* _Information given_

(* Let $\mathcal C$ be a full subcategory of grading-restricted generalized $V$-modules for a vertex operator algebra $V$ such that $0\in\mathcal C$, $\mathcal C$ is closed under submodules, quotients and finite direct sums, and every module in $\mathcal C$ is finitely generated. For a weak $V$-module $X$, let $I_X$ be the set of submodules of $X$ that are objects of $\mathcal C$, directed by inclusion, let $\alpha_X:I_X\to\mathcal C$ be the direct system $W\mapsto W$ with inclusions as transition maps, and let $Q_X:\varinjlim\alpha_X\to X$ be the unique $V$-homomorphism with $Q_X\circ\phi_W=i_W$ for all $W\in I_X$, where $i_W:W\to X$ is the inclusion and $\phi_W:W\to\varinjlim\alpha_X$ are the canonical maps of the direct limit in the category of weak $V$-modules. Then $Q_X$ is injective for every weak module $X$, and $Q_X$ is surjective if and only if $X$ is an object of $\mathrm{Ind}(\mathcal C)$.
   Context: $\mathrm{Ind}(\mathcal C)$ (the direct limit completion) is the full subcategory of weak $V$-modules isomorphic to direct limits, in the category of weak $V$-modules, of direct systems $\alpha:I\to\mathcal C$ indexed by directed sets. *)

theory Defs
  imports Complex_Main
begin

class cvec = ab_group_add +
  fixes cscale :: "complex \<Rightarrow> 'a \<Rightarrow> 'a" (infixr "*c" 75)
  assumes cscale_add_right: "a *c (x + y) = a *c x + a *c y"
    and cscale_add_left: "(a + b) *c x = a *c x + b *c x"
    and cscale_assoc: "a *c (b *c x) = (a * b) *c x"
    and cscale_one: "1 *c x = x"

definition csp :: "'a::cvec set \<Rightarrow> 'a set" where
  "csp S = {x. \<exists>F c. finite F \<and> F \<subseteq> S \<and> x = (\<Sum>s\<in>F. c s *c s)}"

definition fin_dim :: "'a::cvec set \<Rightarrow> bool" where
  "fin_dim S \<longleftrightarrow> (\<exists>F. finite F \<and> F \<subseteq> S \<and> S \<subseteq> csp F)"

definition csubspace :: "'a::cvec set \<Rightarrow> bool" where
  "csubspace M \<longleftrightarrow> 0 \<in> M \<and> (\<forall>x\<in>M. \<forall>y\<in>M. x + y \<in> M) \<and> (\<forall>a. \<forall>x\<in>M. a *c x \<in> M)"

text \<open>Sum of a finitely supported family (all sums below are finite by truncation).\<close>
definition fsum :: "(nat \<Rightarrow> 'a::comm_monoid_add) \<Rightarrow> 'a" where
  "fsum f = sum f {i. f i \<noteq> 0}"

definition sgn_int :: "int \<Rightarrow> complex" where
  "sgn_int l = (if even l then 1 else -1)"

section \<open>Vertex operators (mode convention: Y(u,x) = sum u_n x^(-n-1), u_n = Y u n)\<close>

definition jacobi ::
  "('v::cvec \<Rightarrow> int \<Rightarrow> 'v \<Rightarrow> 'v) \<Rightarrow> 'm::cvec set \<Rightarrow> ('v \<Rightarrow> int \<Rightarrow> 'm \<Rightarrow> 'm) \<Rightarrow> bool" where
  "jacobi Vop M Y \<longleftrightarrow>
    (\<forall>u v. \<forall>w\<in>M. \<forall>l m n.
      fsum (\<lambda>i. (of_int m gchoose i) *c Y (Vop u (l + int i) v) (m + n - int i) w)
      = fsum (\<lambda>i. ((-1) ^ i * (of_int l gchoose i)) *c
                 (Y u (m + l - int i) (Y v (n + int i) w)
                  - sgn_int l *c Y v (n + l - int i) (Y u (m + int i) w))))"

definition weak_module ::
  "('v::cvec \<Rightarrow> int \<Rightarrow> 'v \<Rightarrow> 'v) \<Rightarrow> 'v \<Rightarrow> 'm::cvec set \<Rightarrow> ('v \<Rightarrow> int \<Rightarrow> 'm \<Rightarrow> 'm) \<Rightarrow> bool" where
  "weak_module Vop vac M Y \<longleftrightarrow>
     csubspace M
   \<and> (\<forall>u n. \<forall>w\<in>M. Y u n w \<in> M)
   \<and> (\<forall>u n a b. \<forall>w\<in>M. \<forall>w'\<in>M. Y u n (a *c w + b *c w') = a *c Y u n w + b *c Y u n w')
   \<and> (\<forall>u u' n a b. \<forall>w\<in>M. Y (a *c u + b *c u') n w = a *c Y u n w + b *c Y u' n w)
   \<and> (\<forall>u. \<forall>w\<in>M. \<exists>N. \<forall>n\<ge>N. Y u n w = 0)
   \<and> (\<forall>n. \<forall>w\<in>M. Y vac n w = (if n = -1 then w else 0))
   \<and> jacobi Vop M Y"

* _Work instruction_
Everything from the line with "imports Complex_Main" through the line with "(b *c x) = (a * b)" should be written out exactly as it appears above, end lines included, and nothing outside that range.

* _Task result_
  imports Complex_Main
begin

class cvec = ab_group_add +
  fixes cscale :: "complex \<Rightarrow> 'a \<Rightarrow> 'a" (infixr "*c" 75)
  assumes cscale_add_right: "a *c (x + y) = a *c x + a *c y"
    and cscale_add_left: "(a + b) *c x = a *c x + b *c x"
    and cscale_assoc: "a *c (b *c x) = (a * b) *c x"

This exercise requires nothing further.